Retype all of the data without changing a single word.

▶ **TASK INPUT**
+ + + +

text \<open>Invariant of the backward simulation: a form derivable in the new grammar is the
  encoding of a form derivable in G, possibly with one nonterminal marked.\<close>
definition simulated :: "('n, 't) rcg \<Rightarrow> (('n, 't) sym \<times> nat, 't) sym list \<Rightarrow> bool" where
  "simulated G z \<longleftrightarrow>
     (\<exists>y. (rc_step G)\<^sup>*\<^sup>* [NT (Start G)] y \<and> z = map enc y) \<or>
     (\<exists>u A v. A \<in> Nts G \<and> (rc_step G)\<^sup>*\<^sup>* [NT (Start G)] (u @ [NT A] @ v) \<and> z = marked u A v)"

lemma simulated_step:
  assumes "simulated G z" and "rc_step (split_grammar G) z z'"
  shows "simulated G z'"
  using assms(1) unfolding simulated_def[of G z]
proof (elim disjE exE conjE)
  fix y assume "(rc_step G)\<^sup>*\<^sup>* [NT (Start G)] y" "z = map enc y"
  with step_from_unmarked[of G y z'] assms(2) show ?thesis
    unfolding simulated_def by auto
next
  fix u A v assume A: "A \<in> Nts G" and
    derives: "(rc_step G)\<^sup>*\<^sup>* [NT (Start G)] (u @ [NT A] @ v)" and "z = marked u A v"
  with step_from_marked[of G u A v z'] assms(2) obtain y' where
    "rc_step G (u @ [NT A] @ v) y'" "z' = map enc y'" by auto
  moreover from derives this(1) have "(rc_step G)\<^sup>*\<^sup>* [NT (Start G)] y'" by simp
  ultimately show ?thesis
    unfolding simulated_def by blast
qed

lemma simulated_reachable:
  assumes "(rc_step (split_grammar G))\<^sup>*\<^sup>* [NT (NT (Start G), 0)] z"
  shows "simulated G z"
  using assms
proof induction
  case base
  show ?case
    unfolding simulated_def by (intro disjI1 exI[of _ "[NT (Start G)]"]) simp
next
  case (step z z')
  from step.IH step.hyps(2) show ?case by (rule simulated_step)
qed

text \<open>A terminal word carries no mark, so it is the encoding of itself.\<close>
lemma simulated_terminal:
  fixes G :: "('n, 't) rcg"
  assumes "simulated G (map Tm w)"
  shows "(rc_step G)\<^sup>*\<^sup>* [NT (Start G)] (map Tm w)"
proof -
  have "map Tm w \<noteq> marked u A v" for u v :: "('n, 't) sym list" and A :: 'n
  proof
    assume eq: "map Tm w = marked u A v"
    have "NT (NT A, 1) \<in> set (marked u A v)" by (simp add: marked_def)
    then show False unfolding eq[symmetric] by auto
  qed
  with assms obtain y where "(rc_step G)\<^sup>*\<^sup>* [NT (Start G)] y" "map Tm w = map enc y"
    unfolding simulated_def by blast
  moreover from this(2) have "y = map Tm w"
    by (metis map_enc_Tm inj_enc inj_map_eq_map)
  ultimately show ?thesis by simp
qed

lemma split_grammar_derives_terminal_iff:
  assumes "rcg_wf G"
  shows "(rc_step (split_grammar G))\<^sup>*\<^sup>* [NT (NT (Start G), 0)] (map Tm w)
     \<longleftrightarrow> (rc_step G)\<^sup>*\<^sup>* [NT (Start G)] (map Tm w)"
proof
  assume "(rc_step (split_grammar G))\<^sup>*\<^sup>* [NT (NT (Start G), 0)] (map Tm w)"
  then show "(rc_step G)\<^sup>*\<^sup>* [NT (Start G)] (map Tm w)"
    by (intro simulated_terminal simulated_reachable)
next
  assume "(rc_step G)\<^sup>*\<^sup>* [NT (Start G)] (map Tm w)"
  from split_grammar_simulates[OF this assms]
  show "(rc_step (split_grammar G))\<^sup>*\<^sup>* [NT (NT (Start G), 0)] (map Tm w)"
    unfolding map_enc_Tm by simp
qed

theorem lemma1:
  fixes G :: "('n, 't) rcg"
  assumes "rcg_wf G"
  shows "\<exists>G' :: (('n, 't) sym \<times> nat, 't) rcg.
           rcg_wf G' \<and> rc_lang G' = rc_lang G \<and>
           (\<forall>(A, x, Per, For) \<in> Prods G'. A \<notin> For)"
proof (intro exI conjI)
  show "rcg_wf (split_grammar G)"
    using assms by (rule split_grammar_wf)
  show "rc_lang (split_grammar G) = rc_lang G"
    unfolding rc_lang_def split_grammar_simps
    using split_grammar_derives_terminal_iff[OF assms] by simp
  show "\<forall>(A, x, Per, For) \<in> Prods (split_grammar G). A \<notin> For"
    by (rule split_grammar_head_not_forbidden)
qed

end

+ + + +

▶ **RESPONSE BOX**
text \<open>Invariant of the backward simulation: a form derivable in the new grammar is the
  encoding of a form derivable in G, possibly with one nonterminal marked.\<close>
definition simulated :: "('n, 't) rcg \<Rightarrow> (('n, 't) sym \<times> nat, 't) sym list \<Rightarrow> bool" where
  "simulated G z \<longleftrightarrow>
     (\<exists>y. (rc_step G)\<^sup>*\<^sup>* [NT (Start G)] y \<and> z = map enc y) \<or>
     (\<exists>u A v. A \<in> Nts G \<and> (rc_step G)\<^sup>*\<^sup>* [NT (Start G)] (u @ [NT A] @ v) \<and> z = marked u A v)"

lemma simulated_step:
  assumes "simulated G z" and "rc_step (split_grammar G) z z'"
  shows "simulated G z'"
  using assms(1) unfolding simulated_def[of G z]
proof (elim disjE exE conjE)
  fix y assume "(rc_step G)\<^sup>*\<^sup>* [NT (Start G)] y" "z = map enc y"
  with step_from_unmarked[of G y z'] assms(2) show ?thesis
    unfolding simulated_def by auto
next
  fix u A v assume A: "A \<in> Nts G" and
    derives: "(rc_step G)\<^sup>*\<^sup>* [NT (Start G)] (u @ [NT A] @ v)" and "z = marked u A v"
  with step_from_marked[of G u A v z'] assms(2) obtain y' where
    "rc_step G (u @ [NT A] @ v) y'" "z' = map enc y'" by auto
  moreover from derives this(1) have "(rc_step G)\<^sup>*\<^sup>* [NT (Start G)] y'" by simp
  ultimately show ?thesis
    unfolding simulated_def by blast
qed

lemma simulated_reachable:
  assumes "(rc_step (split_grammar G))\<^sup>*\<^sup>* [NT (NT (Start G), 0)] z"
  shows "simulated G z"
  using assms
proof induction
  case base
  show ?case
    unfolding simulated_def by (intro disjI1 exI[of _ "[NT (Start G)]"]) simp
next
  case (step z z')
  from step.IH step.hyps(2) show ?case by (rule simulated_step)
qed

text \<open>A terminal word carries no mark, so it is the encoding of itself.\<close>
lemma simulated_terminal:
  fixes G :: "('n, 't) rcg"
  assumes "simulated G (map Tm w)"
  shows "(rc_step G)\<^sup>*\<^sup>* [NT (Start G)] (map Tm w)"
proof -
  have "map Tm w \<noteq> marked u A v" for u v :: "('n, 't) sym list" and A :: 'n
  proof
    assume eq: "map Tm w = marked u A v"
    have "NT (NT A, 1) \<in> set (marked u A v)" by (simp add: marked_def)
    then show False unfolding eq[symmetric] by auto
  qed
  with assms obtain y where "(rc_step G)\<^sup>*\<^sup>* [NT (Start G)] y" "map Tm w = map enc y"
    unfolding simulated_def by blast
  moreover from this(2) have "y = map Tm w"
    by (metis map_enc_Tm inj_enc inj_map_eq_map)
  ultimately show ?thesis by simp
qed

lemma split_grammar_derives_terminal_iff:
  assumes "rcg_wf G"
  shows "(rc_step (split_grammar G))\<^sup>*\<^sup>* [NT (NT (Start G), 0)] (map Tm w)
     \<longleftrightarrow> (rc_step G)\<^sup>*\<^sup>* [NT (Start G)] (map Tm w)"
proof
  assume "(rc_step (split_grammar G))\<^sup>*\<^sup>* [NT (NT (Start G), 0)] (map Tm w)"
  then show "(rc_step G)\<^sup>*\<^sup>* [NT (Start G)] (map Tm w)"
    by (intro simulated_terminal simulated_reachable)
next
  assume "(rc_step G)\<^sup>*\<^sup>* [NT (Start G)] (map Tm w)"
  from split_grammar_simulates[OF this assms]
  show "(rc_step (split_grammar G))\<^sup>*\<^sup>* [NT (NT (Start G), 0)] (map Tm w)"
    unfolding map_enc_Tm by simp
qed

theorem lemma1:
  fixes G :: "('n, 't) rcg"
  assumes "rcg_wf G"
  shows "\<exists>G' :: (('n, 't) sym \<times> nat, 't) rcg.
           rcg_wf G' \<and> rc_lang G' = rc_lang G \<and>
           (\<forall>(A, x, Per, For) \<in> Prods G'. A \<notin> For)"
proof (intro exI conjI)
  show "rcg_wf (split_grammar G)"
    using assms by (rule split_grammar_wf)
  show "rc_lang (split_grammar G) = rc_lang G"
    unfolding rc_lang_def split_grammar_simps
    using split_grammar_derives_terminal_iff[OF assms] by simp
  show "\<forall>(A, x, Per, For) \<in> Prods (split_grammar G). A \<notin> For"
    by (rule split_grammar_head_not_forbidden)
qed

end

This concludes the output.